What to work on: Give back the full listing exactly as written.

Material provided:
----

(* Let $n,k\ge 0$ be integers, and let $W$ be the group of signed permutations of $n+k$ letters acting on $\mathbf{Z}^{n+k}$, with $\rho=(n+k,n+k-1,\dots,2,1)$. Let $\mu$ be a partition with $\mu_1\le k$ and $i_{2n}(\mu)<\infty$, and put $\lambda=\tau_{2n}(\mu)$. Then there exists $w=w_\mu\in W$ such that (i) $w(\rho)_1>w(\rho)_2>\cdots>w(\rho)_k$ and $w(\rho)_{k+1}>\cdots>w(\rho)_{k+n}>0$; (ii) $\ell(w)=|\mu|-i_{2n}(\mu)$; (iii) $w(\rho)-\rho=(-\mu^\dagger_k,\dots,-\mu^\dagger_2,-\mu^\dagger_1,\lambda_1,\lambda_2,\dots,\lambda_n)$.
   Context: $W$ (the Weyl group of type $\mathrm{C}_{n+k}$) is generated by the simple reflections $s_i$ ($1\le i\le n+k-1$) swapping positions $i$ and $i+1$, and $s_{n+k}$ negating the last entry; $\ell(w)$ is the Coxeter length with respect to these generators. Equivalently, $\ell(w)=\mathrm{inv}(w)+\mathrm{neg}(w)+\mathrm{nsp}(w)$, where, writing $a=w(\rho)$, $\mathrm{inv}(w)=\#\{i<j: a_i<a_j\}$, $\mathrm{neg}(w)=\#\{i: a_i<0\}$, $\mathrm{nsp}(w)=\#\{i<j: a_i+a_j<0\}$. For a partition $\mu$, $\mu^\dagger$ is its transpose, $\mu_j^\dagger$ its $j$th part (zero if $j>\ell(\mu^\dagger)$), $|\mu|$ its size, $\ell(\mu)$ its number of nonzero parts. Modification rule: if $\ell(\mu)\le n$, $i_{2n}(\mu)=0$ and $\tau_{2n}(\mu)=\mu$. If $\ell(\mu)>n$, let $R_\mu$ be the border strip (connected skew diagram with no $2\times2$ square) of $2(\ell(\mu)-n-1)$ boxes along the rim of $\mu$ starting at the first box of the last row of $\mu$, if it exists. If $R_\mu$ exists, is nonempty, and $\mu\setminus R_\mu$ is a partition, then $i_{2n}(\mu)=c(R_\mu)+i_{2n}(\mu\setminus R_\mu)$ and $\tau_{2n}(\mu)=\tau_{2n}(\mu\setminus R_\mu)$, with $c(R_\mu)$ the number of columns of $R_\mu$; otherwise $i_{2n}(\mu)=\infty$ and $\tau_{2n}(\mu)$ is undefined. *)

theory Defs
  imports Main
begin

definition is_partition :: "nat list \<Rightarrow> bool" where
  "is_partition mu \<longleftrightarrow> sorted_wrt (\<lambda>a b. b \<le> a) mu \<and> 0 \<notin> set mu"

definition part :: "nat list \<Rightarrow> nat \<Rightarrow> nat" where
  "part mu i = (if 1 \<le> i \<and> i \<le> length mu then mu ! (i - 1) else 0)"

definition conj_part :: "nat list \<Rightarrow> nat \<Rightarrow> nat" where
  "conj_part mu j = card {i. 1 \<le> i \<and> i \<le> length mu \<and> j \<le> part mu i}"

definition diagram :: "nat list \<Rightarrow> (nat \<times> nat) set" where
  "diagram mu = {(i, j). 1 \<le> i \<and> i \<le> length mu \<and> 1 \<le> j \<and> j \<le> part mu i}"

text \<open>Walk along the rim from the first box of the last row towards the
  north-east: move right if possible, otherwise move up.\<close>
definition rim_step :: "nat list \<Rightarrow> nat \<times> nat \<Rightarrow> nat \<times> nat" where
  "rim_step mu b = (case b of (i, j) \<Rightarrow>
     if j + 1 \<le> part mu i then (i, j + 1) else (i - 1, j))"

definition rim_box :: "nat list \<Rightarrow> nat \<Rightarrow> nat \<times> nat" where
  "rim_box mu t = (rim_step mu ^^ t) (length mu, 1)"
lemma chsh_op_flipped_ghz:
  assumes N: "N \<ge> 1" and K: "K \<subseteq> {1..N-1}"
    and total: "(\<Sum>j\<in>{1..N-1}. phi j) = pi / 2 + 2 * pi * of_int m"
    and zero: "zero_mod_pi phi K"
  shows "chsh_op N phi (flipped_ghz N K) = (\<lambda>x. complex_of_real (2 * sqrt 2) * flipped_ghz N K x)"
proof
  fix x
  define s where "s = indicator_string N K"
  have len_s: "length s = N" by (simp add: s_def indicator_string_def)
  have s_nth: "s!(j-1) = (j \<in> K)" if "j \<in> {1..N-1}" for j
    using that by (auto simp: s_def indicator_string_def)
  have s_last: "s!(N-1) = False" using N K by (auto simp: s_def indicator_string_def)
  define \<theta> where "\<theta> = (\<Sum>j\<in>{1..N-1}. if j \<in> K then phi j else - phi j)"
  have cis_\<theta>: "cis \<theta> = - \<i>"
    unfolding \<theta>_def using cis_signed_sum_zero_mod_pi[OF _ K total zero] by simp
  then have cis_minus_\<theta>: "cis (- \<theta>) = \<i>" using cis_cnj[of \<theta>] by simp
  have phases_s: "(\<Prod>j\<in>{1..N-1}. Xrot (phi j) (s!(j-1)) (\<not> s!(j-1))) = cis \<theta>"
    unfolding \<theta>_def prod_Xrot_off_diagonal[OF finite_atLeastAtMost]
    using s_nth by (intro arg_cong[where f=cis] sum.cong) auto
  have phases_not_s: "(\<Prod>j\<in>{1..N-1}. Xrot (phi j) (map Not s!(j-1)) (\<not> map Not s!(j-1))) = cis (- \<theta>)"
    unfolding \<theta>_def prod_Xrot_off_diagonal[OF finite_atLeastAtMost] sum_negf[symmetric]
    using s_nth len_s by (intro arg_cong[where f=cis] sum.cong) auto
  have not_s_last: "map Not s!(N-1) = True" using s_last len_s N by simp
  show "chsh_op N phi (flipped_ghz N K) x = complex_of_real (2 * sqrt 2) * flipped_ghz N K x"
  proof (cases "length x = N")
    case False
    then show ?thesis using len_s by (auto simp: flipped_ghz_eq s_def[symmetric] chsh_op_def prod_op_def)
  next
    case True
    note chsh = chsh_op_eq[OF True N, of phi "flipped_ghz N K", unfolded flipped_ghz_map_Not]
    consider "x = s" | "x = map Not s" | "x \<noteq> s" "x \<noteq> map Not s" by blast
    then show ?thesis
    proof cases
      case 1
      then show ?thesis using chsh XN_combination_False phases_s cis_\<theta> s_last by simp
    next
      case 2
      then show ?thesis using chsh XN_combination_True phases_not_s cis_minus_\<theta> not_s_last by simp
    qed (simp add: chsh flipped_ghz_eq s_def)
  qed
qed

----

Result for this exercise:
(* Let $n,k\ge 0$ be integers, and let $W$ be the group of signed permutations of $n+k$ letters acting on $\mathbf{Z}^{n+k}$, with $\rho=(n+k,n+k-1,\dots,2,1)$. Let $\mu$ be a partition with $\mu_1\le k$ and $i_{2n}(\mu)<\infty$, and put $\lambda=\tau_{2n}(\mu)$. Then there exists $w=w_\mu\in W$ such that (i) $w(\rho)_1>w(\rho)_2>\cdots>w(\rho)_k$ and $w(\rho)_{k+1}>\cdots>w(\rho)_{k+n}>0$; (ii) $\ell(w)=|\mu|-i_{2n}(\mu)$; (iii) $w(\rho)-\rho=(-\mu^\dagger_k,\dots,-\mu^\dagger_2,-\mu^\dagger_1,\lambda_1,\lambda_2,\dots,\lambda_n)$.
   Context: $W$ (the Weyl group of type $\mathrm{C}_{n+k}$) is generated by the simple reflections $s_i$ ($1\le i\le n+k-1$) swapping positions $i$ and $i+1$, and $s_{n+k}$ negating the last entry; $\ell(w)$ is the Coxeter length with respect to these generators. Equivalently, $\ell(w)=\mathrm{inv}(w)+\mathrm{neg}(w)+\mathrm{nsp}(w)$, where, writing $a=w(\rho)$, $\mathrm{inv}(w)=\#\{i<j: a_i<a_j\}$, $\mathrm{neg}(w)=\#\{i: a_i<0\}$, $\mathrm{nsp}(w)=\#\{i<j: a_i+a_j<0\}$. For a partition $\mu$, $\mu^\dagger$ is its transpose, $\mu_j^\dagger$ its $j$th part (zero if $j>\ell(\mu^\dagger)$), $|\mu|$ its size, $\ell(\mu)$ its number of nonzero parts. Modification rule: if $\ell(\mu)\le n$, $i_{2n}(\mu)=0$ and $\tau_{2n}(\mu)=\mu$. If $\ell(\mu)>n$, let $R_\mu$ be the border strip (connected skew diagram with no $2\times2$ square) of $2(\ell(\mu)-n-1)$ boxes along the rim of $\mu$ starting at the first box of the last row of $\mu$, if it exists. If $R_\mu$ exists, is nonempty, and $\mu\setminus R_\mu$ is a partition, then $i_{2n}(\mu)=c(R_\mu)+i_{2n}(\mu\setminus R_\mu)$ and $\tau_{2n}(\mu)=\tau_{2n}(\mu\setminus R_\mu)$, with $c(R_\mu)$ the number of columns of $R_\mu$; otherwise $i_{2n}(\mu)=\infty$ and $\tau_{2n}(\mu)$ is undefined. *)

theory Defs
  imports Main
begin

definition is_partition :: "nat list \<Rightarrow> bool" where
  "is_partition mu \<longleftrightarrow> sorted_wrt (\<lambda>a b. b \<le> a) mu \<and> 0 \<notin> set mu"

definition part :: "nat list \<Rightarrow> nat \<Rightarrow> nat" where
  "part mu i = (if 1 \<le> i \<and> i \<le> length mu then mu ! (i - 1) else 0)"

definition conj_part :: "nat list \<Rightarrow> nat \<Rightarrow> nat" where
  "conj_part mu j = card {i. 1 \<le> i \<and> i \<le> length mu \<and> j \<le> part mu i}"

definition diagram :: "nat list \<Rightarrow> (nat \<times> nat) set" where
  "diagram mu = {(i, j). 1 \<le> i \<and> i \<le> length mu \<and> 1 \<le> j \<and> j \<le> part mu i}"

text \<open>Walk along the rim from the first box of the last row towards the
  north-east: move right if possible, otherwise move up.\<close>
definition rim_step :: "nat list \<Rightarrow> nat \<times> nat \<Rightarrow> nat \<times> nat" where
  "rim_step mu b = (case b of (i, j) \<Rightarrow>
     if j + 1 \<le> part mu i then (i, j + 1) else (i - 1, j))"

definition rim_box :: "nat list \<Rightarrow> nat \<Rightarrow> nat \<times> nat" where
  "rim_box mu t = (rim_step mu ^^ t) (length mu, 1)"
lemma chsh_op_flipped_ghz:
  assumes N: "N \<ge> 1" and K: "K \<subseteq> {1..N-1}"
    and total: "(\<Sum>j\<in>{1..N-1}. phi j) = pi / 2 + 2 * pi * of_int m"
    and zero: "zero_mod_pi phi K"
  shows "chsh_op N phi (flipped_ghz N K) = (\<lambda>x. complex_of_real (2 * sqrt 2) * flipped_ghz N K x)"
proof
  fix x
  define s where "s = indicator_string N K"
  have len_s: "length s = N" by (simp add: s_def indicator_string_def)
  have s_nth: "s!(j-1) = (j \<in> K)" if "j \<in> {1..N-1}" for j
    using that by (auto simp: s_def indicator_string_def)
  have s_last: "s!(N-1) = False" using N K by (auto simp: s_def indicator_string_def)
  define \<theta> where "\<theta> = (\<Sum>j\<in>{1..N-1}. if j \<in> K then phi j else - phi j)"
  have cis_\<theta>: "cis \<theta> = - \<i>"
    unfolding \<theta>_def using cis_signed_sum_zero_mod_pi[OF _ K total zero] by simp
  then have cis_minus_\<theta>: "cis (- \<theta>) = \<i>" using cis_cnj[of \<theta>] by simp
  have phases_s: "(\<Prod>j\<in>{1..N-1}. Xrot (phi j) (s!(j-1)) (\<not> s!(j-1))) = cis \<theta>"
    unfolding \<theta>_def prod_Xrot_off_diagonal[OF finite_atLeastAtMost]
    using s_nth by (intro arg_cong[where f=cis] sum.cong) auto
  have phases_not_s: "(\<Prod>j\<in>{1..N-1}. Xrot (phi j) (map Not s!(j-1)) (\<not> map Not s!(j-1))) = cis (- \<theta>)"
    unfolding \<theta>_def prod_Xrot_off_diagonal[OF finite_atLeastAtMost] sum_negf[symmetric]
    using s_nth len_s by (intro arg_cong[where f=cis] sum.cong) auto
  have not_s_last: "map Not s!(N-1) = True" using s_last len_s N by simp
  show "chsh_op N phi (flipped_ghz N K) x = complex_of_real (2 * sqrt 2) * flipped_ghz N K x"
  proof (cases "length x = N")
    case False
    then show ?thesis using len_s by (auto simp: flipped_ghz_eq s_def[symmetric] chsh_op_def prod_op_def)
  next
    case True
    note chsh = chsh_op_eq[OF True N, of phi "flipped_ghz N K", unfolded flipped_ghz_map_Not]
    consider "x = s" | "x = map Not s" | "x \<noteq> s" "x \<noteq> map Not s" by blast
    then show ?thesis
    proof cases
      case 1
      then show ?thesis using chsh XN_combination_False phases_s cis_\<theta> s_last by simp
    next
      case 2
      then show ?thesis using chsh XN_combination_True phases_not_s cis_minus_\<theta> not_s_last by simp
    qed (simp add: chsh flipped_ghz_eq s_def)
  qed
qed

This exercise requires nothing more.